Book Bits: 24 February 2024

Taming the Octopus: The Long Battle for the Soul of the Corporation
Kyle Edward Williams
Review via The Wall Street Journal
The question of corporate purpose is central to Kyle Edward Williams’s “Taming the Octopus,” a history of efforts by American government officials and activists to rein in corporate power and even harness it to their favorite causes. These efforts are based on the idea that the limited-liability corporation, “its tentacles wrapped around the globe many times over,” ought to be accountable. But, as the author asks: “Accountable to whom or to what?”

Wall Street’s War on Workers: How Mass Layoffs and Greed Are Destroying the Working Class and What to Do About It
Les Leopold
Summary via publisher (Chelsea Green)
In Wall Street’s War on Workers, Les Leopold, co-founder of the Labor Institute, provides a clear lens with which we can see how healthy corporations in the United States have used mass layoffs and stock buybacks to enrich shareholders at the expense of employees. With detailed research and concise language, Leopold explains why mass layoffs occur and how our current laws and regulations allow companies to turn these layoffs into short-term financial gains.

The Race to Zero: How ESG Investing will Crater the Global Financial System
Paul H. Tice
Op-ed by author via The Wall Street Journal
Good news is brewing in finance. The public backlash against ESG—environmental, social and governance investing—has grown, shedding light on the left’s ideological takeover of Wall Street. The bad news is that the anti-ESG coalition isn’t prepared to defeat a global “sustainability” campaign. The movement needs a makeover and should begin by following a few guiding principles:
Virtue signaling isn’t the only problem. The current bout of woke capitalism in corporate boardrooms is merely a symptom of the underlying malady. Through its pervasive asset integration and overriding focus on nonfinancial factors, ESG is slowly changing the pecuniary purpose of investing. Waging public spats with management over critical race theory and gender ideology distracts from how ESG investing is re-engineering global financial markets. No matter how many brands go broke from misplaced trust in sustainable policies or social-justice activism, it won’t slow ESG’s market momentum.

Battle for the Bird: Jack Dorsey, Elon Musk, and the $44 Billion Fight for Twitter’s Soul
Kurt Wagner
Review via The New York Times
“Musk would often say the things that his partners wanted to hear, and then do the things that would make them shake their head in disbelief,” Wagner explains, rather wanly, making it sound as if Musk was behaving like the resourceful rascal in a Mentos commercial. Yet Wagner goes on to describe how Musk has gutted the company: firing much of its staff; instructing employees who remained to “try weird stuff” and then throwing them under the bus when those risks didn’t pay off; reinstating banned accounts while cracking down on speech he didn’t like.

Extremely Hardcore: Inside Elon Musk’s Twitter
Zoë Schiffer
Review via The Daily Beast
Elon Musk’s Twitter takeover may have dominated the news cycle for months, but as Zoe Schiffer’s new book Extremely Hardcore proves, there’s still a lot more to learn.
Schiffer, a veteran tech journalist who worked as a senior reporter at The Verge before becoming managing editor at Platformer, meticulously details the chaos before and after Musk’s much-covered coup, surfacing new details of the takeover.
The book starts with Musk’s very first tweet—“This is actually me,” he wrote, after being impersonated by another user—and runs all the way through the Oct. 7 attack on Israel, misinformation about which ran rampant on the platform. Along the way, it details Musk’s stealth Twitter stock purchases, his failed attempt to get out of his purchase agreement, the botched rollout of Twitter Blue, and much more. The book is based on interviews with more than 60 employees and “hundreds of pages of internal memos, whistleblower complaints, and court documents,” according to Schiffer’s foreword.

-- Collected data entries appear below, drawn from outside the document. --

lemma inj_S: "inj (S a)"
  by (rule injI) (simp add: S_def)

lemma S_mem_unit_interval: "a = 0 \<or> a = 2 \<Longrightarrow> x \<in> {0..1} \<Longrightarrow> S a x \<in> {0..1}"
  by (auto simp: S_def)

lemma S_neq_S:
  "a = 0 \<or> a = 2 \<Longrightarrow> b = 0 \<or> b = 2 \<Longrightarrow> a \<noteq> b \<Longrightarrow> x \<in> {0..1} \<Longrightarrow> y \<in> {0..1} \<Longrightarrow>
    S a x \<noteq> S b y"
  by (auto simp: S_def)

lemma continuous_on_Sw: "continuous_on A (Sw w)"
proof (induction w arbitrary: A)
  case (Cons a w)
  have "continuous_on UNIV (S a)"
    unfolding S_def by (intro continuous_intros) auto
  then show ?case
    using Cons.IH by (auto intro: continuous_on_compose2)
qed simp

definition cantor_level :: "nat \<Rightarrow> real set" where
  "cantor_level n = (\<Union>w\<in>words_eq n. Sw w ` {0..1})"

lemma Cantor_eq_Inter_cantor_level: "Cantor = (\<Inter>n. cantor_level n)"
  by (simp add: Cantor_def cantor_level_def)

lemma cantor_level_0: "cantor_level 0 = {0..1}"
  by (auto simp: cantor_level_def words_eq_def)

lemma cantor_level_Suc: "cantor_level (Suc n) = S 0 ` cantor_level n \<union> S 2 ` cantor_level n"
proof -
  have "words_eq (Suc n) = (\<Union>a\<in>{0, 2}. (#) a ` words_eq n)"
    by (auto simp: words_eq_def length_Suc_conv)
  then show ?thesis
    by (auto simp: cantor_level_def image_UN image_comp)
qed

lemma cantor_level_subset: "cantor_level n \<subseteq> {0..1}"
  by (induction n) (auto simp: cantor_level_0 cantor_level_Suc intro: S_mem_unit_interval)

lemma closed_cantor_level: "closed (cantor_level n)"
  unfolding cantor_level_def
  by (intro closed_UN finite_words_eq ballI compact_imp_closed compact_continuous_image
      continuous_on_Sw compact_Icc)

lemma Cantor_subset: "Cantor \<subseteq> {0..1}"
  using cantor_level_0 by (auto simp: Cantor_eq_Inter_cantor_level)

lemma compact_Cantor: "compact Cantor"
proof -
  have "bounded Cantor"
    using bounded_subset[OF bounded_cbox[of 0 "1::real"]] Cantor_subset by (simp add: cbox_interval)
  moreover have "closed Cantor"
    unfolding Cantor_eq_Inter_cantor_level by (simp add: closed_INT closed_cantor_level)
  ultimately show ?thesis
    by (simp add: compact_eq_bounded_closed)
qed

lemma Cantor_self_similar: "Cantor = S 0 ` Cantor \<union> S 2 ` Cantor"
proof
  show "S 0 ` Cantor \<union> S 2 ` Cantor \<subseteq> Cantor"
  proof -
    have "S a x \<in> cantor_level n" if "a = 0 \<or> a = 2" "x \<in> Cantor" for a x n
    proof (cases n)
      case 0
      then show ?thesis
        using S_mem_unit_interval[OF that(1)] that(2) Cantor_subset by (auto simp: cantor_level_0)
    next
      case (Suc k)
      then show ?thesis
        using that by (auto simp: cantor_level_Suc Cantor_eq_Inter_cantor_level)
    qed
    then show ?thesis
      by (auto simp: Cantor_eq_Inter_cantor_level)
  qed
  show "Cantor \<subseteq> S 0 ` Cantor \<union> S 2 ` Cantor"
  proof
    fix x assume x: "x \<in> Cantor"
    then have "x \<in> cantor_level (Suc 0)"
      by (simp add: Cantor_eq_Inter_cantor_level)
    then have "x \<in> S 0 ` {0..1} \<union> S 2 ` {0..1}"
      by (simp add: cantor_level_Suc cantor_level_0)
    then obtain a y where a: "a = 0 \<or> a = 2" and y: "y \<in> {0..1}" and "x = S a y"
      by blast
    have "y \<in> cantor_level n" for n
    proof -
      have "x \<in> cantor_level (Suc n)"
        using x by (simp add: Cantor_eq_Inter_cantor_level)
      then obtain b z where b: "b = 0 \<or> b = 2" and z: "z \<in> cantor_level n" and "x = S b z"
        by (auto simp: cantor_level_Suc)
      moreover have "b = a"
      proof (rule ccontr)
        assume "b \<noteq> a"
        moreover have "z \<in> {0..1}"
          using z cantor_level_subset by blast
        ultimately have "S b z \<noteq> S a y"
          using S_neq_S[OF b a] y by blast
        then show False
          using \<open>x = S a y\<close> \<open>x = S b z\<close> by simp
      qed
      ultimately show ?thesis
        using \<open>x = S a y\<close> inj_S[of a] by (auto dest: injD)
    qed
    then show "x \<in> S 0 ` Cantor \<union> S 2 ` Cantor"
      using a \<open>x = S a y\<close> by (auto simp: Cantor_eq_Inter_cantor_level)
  qed
qed

lemma Cyl_Nil [simp]: "Cyl [] = Cantor"
  by (simp add: Cyl_def)

lemma Cyl_Cons: "Cyl (a # w) = S a ` Cyl w"
  by (simp add: Cyl_def image_comp)

lemma Cyl_append: "Cyl (u @ v) = Sw u ` Cyl v"
  by (simp add: Cyl_def Sw_append image_comp)

lemma Cyl_subset_Cantor: "word w \<Longrightarrow> Cyl w \<subseteq> Cantor"
proof (induction w)
  case (Cons a w)
  then have "S a ` Cyl w \<subseteq> S a ` Cantor"
    by auto
  also have "\<dots> \<subseteq> Cantor"
    using Cons.prems by (subst (2) Cantor_self_similar) auto
  finally show ?case
    by (simp add: Cyl_Cons)
qed simp

lemma Cyl_append_subset: "word v \<Longrightarrow> Cyl (u @ v) \<subseteq> Cyl u"
  unfolding Cyl_append by (metis Cyl_def Cyl_subset_Cantor image_mono)

lemma Cyl_subset_take: "word w \<Longrightarrow> Cyl w \<subseteq> Cyl (take k w)"
  using Cyl_append_subset[of "drop k w" "take k w"] by (simp add: word_drop)

lemma Cyl_split: "Cyl w = Cyl (w @ [0]) \<union> Cyl (w @ [2])"
  using arg_cong[OF Cantor_self_similar, of "image (Sw w)"]
  by (simp add: Cyl_def Sw_append image_Un image_comp)

lemma compact_Cyl: "compact (Cyl w)"
  unfolding Cyl_def by (intro compact_continuous_image continuous_on_Sw compact_Cantor)

lemma Cyl_borel: "Cyl w \<in> sets borel"
  by (intro borel_closed compact_imp_closed compact_Cyl)

lemma Cyl_disjoint:
  "word u \<Longrightarrow> word v \<Longrightarrow> length u = length v \<Longrightarrow> u \<noteq> v \<Longrightarrow> Cyl u \<inter> Cyl v = {}"
proof (induction u arbitrary: v)
  case (Cons a u)
  then obtain b v' where v: "v = b # v'"
    by (cases v) auto
  show ?case
  proof (cases "a = b")
    case True
    then have "Cyl u \<inter> Cyl v' = {}"
      using Cons v by auto
    then show ?thesis
      using True v inj_S[of a] by (auto simp: Cyl_Cons dest: injD)
  next
    case False
    have "Cyl u \<subseteq> {0..1}" "Cyl v' \<subseteq> {0..1}"
      using Cons.prems v Cyl_subset_Cantor Cantor_subset by auto
    show ?thesis
    proof (rule equals0I)
      fix x assume "x \<in> Cyl (a # u) \<inter> Cyl v"
      then obtain y z where "y \<in> Cyl u" "z \<in> Cyl v'" "x = S a y" "x = S b z"
        by (auto simp: Cyl_Cons v)
      moreover have "a = 0 \<or> a = 2" "b = 0 \<or> b = 2"
        using Cons.prems v by auto
      ultimately show False
        using S_neq_S[of a b] False \<open>Cyl u \<subseteq> {0..1}\<close> \<open>Cyl v' \<subseteq> {0..1}\<close> by blast
    qed
  qed
qed simp

lemma Cyl_Int_Cyl:
  assumes "word u" "word v" "length v \<le> length u"
  shows "Cyl u \<inter> Cyl v = (if take (length v) u = v then Cyl u else {})"
proof (cases "take (length v) u = v")
  case True
  then show ?thesis
    using Cyl_subset_take[OF assms(1), of "length v"] by auto
next
  case False
  then have "Cyl (take (length v) u) \<inter> Cyl v = {}"
    using assms by (intro Cyl_disjoint) (auto simp: word_take)
  then show ?thesis
    using False Cyl_subset_take[OF assms(1), of "length v"] by auto
qed

lemma Cantor_covered_by_Cyl: "x \<in> Cantor \<Longrightarrow> \<exists>w\<in>words_eq n. x \<in> Cyl w"
proof (induction n arbitrary: x)
  case 0
  then show ?case
    by (auto simp: words_eq_def)
next
  case (Suc n)
  have "x \<in> S 0 ` Cantor \<union> S 2 ` Cantor"
    using Suc.prems unfolding Cantor_self_similar[symmetric] .
  then obtain a y where "a = 0 \<or> a = 2" "y \<in> Cantor" "x = S a y"
    by blast
  with Suc.IH obtain w where "w \<in> words_eq n" "x \<in> S a ` Cyl w"
    by blast
  then show ?case
    using \<open>a = 0 \<or> a = 2\<close> by (intro bexI[of _ "a # w"]) (auto simp: words_eq_def Cyl_Cons)
qed

lemma sum_words_eq_ind_Cyl_at:
  assumes "w \<in> words_eq n" "x \<in> Cyl w"
  shows "(\<Sum>v\<in>words_eq n. f v * ind (Cyl v) x) = f w"
proof -
  have "ind (Cyl v) x = (if v = w then 1 else 0)" if "v \<in> words_eq n" for v
    using Cyl_disjoint[of v w] that assms by (auto simp: ind_def words_eq_def)
  then have "(\<Sum>v\<in>words_eq n. f v * ind (Cyl v) x) = (\<Sum>v\<in>words_eq n. if v = w then f v else 0)"
    by (intro sum.cong) auto
  then show ?thesis
    using assms(1) by (simp add: finite_words_eq)
qed

lemma ind_Cyl_eq_sum_words_eq:
  assumes "word u" "length u \<le> n"
  shows "ind (Cyl u) x = (\<Sum>v\<in>words_eq n. (if take (length u) v = u then 1 else 0) * ind (Cyl v) x)"
proof (cases "x \<in> Cantor")
  case True
  then obtain w where w: "w \<in> words_eq n" "x \<in> Cyl w"
    using Cantor_covered_by_Cyl by blast
  then have "x \<in> Cyl u \<longleftrightarrow> take (length u) w = u"
    using Cyl_Int_Cyl[of w u] assms by (auto simp: words_eq_def split: if_splits)
  then show ?thesis
    using sum_words_eq_ind_Cyl_at[OF w] by (simp add: ind_def)
next
  case False
  then show ?thesis
    using assms Cyl_subset_Cantor by (fastforce simp: ind_def words_eq_def intro!: sum.neutral)
qed

definition fun_span :: "'i set \<Rightarrow> ('i \<Rightarrow> real \<Rightarrow> complex) \<Rightarrow> (real \<Rightarrow> complex) set" where
  "fun_span I b = {f. \<exists>c. f = (\<lambda>x. \<Sum>i\<in>I. c i * b i x)}"

lemma fun_span_intro: "f = (\<lambda>x. \<Sum>i\<in>I. c i * b i x) \<Longrightarrow> f \<in> fun_span I b"
  unfolding fun_span_def by blast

Smoke and Ashes: Opium’s Hidden Histories
Amitav Ghosh
Review via The Economist
The opium poppy looks delicate and innocuous. But for Amitav Ghosh, an Indian writer, it is “one of the most powerful beings that humans have encountered in their time on Earth”. Mr Ghosh’s elegant history of the plant’s influence is both a tribute to what he calls “the historical agency of botanical matter” and a reckoning with the imperial past.
The book’s origins lie in his trilogy of “Ibis” novels, set in the thick of the opium trade in the 1830s. The research Mr Ghosh carried out while writing them prompted him to probe how the drug trade shaped free-market capitalism and globalisation.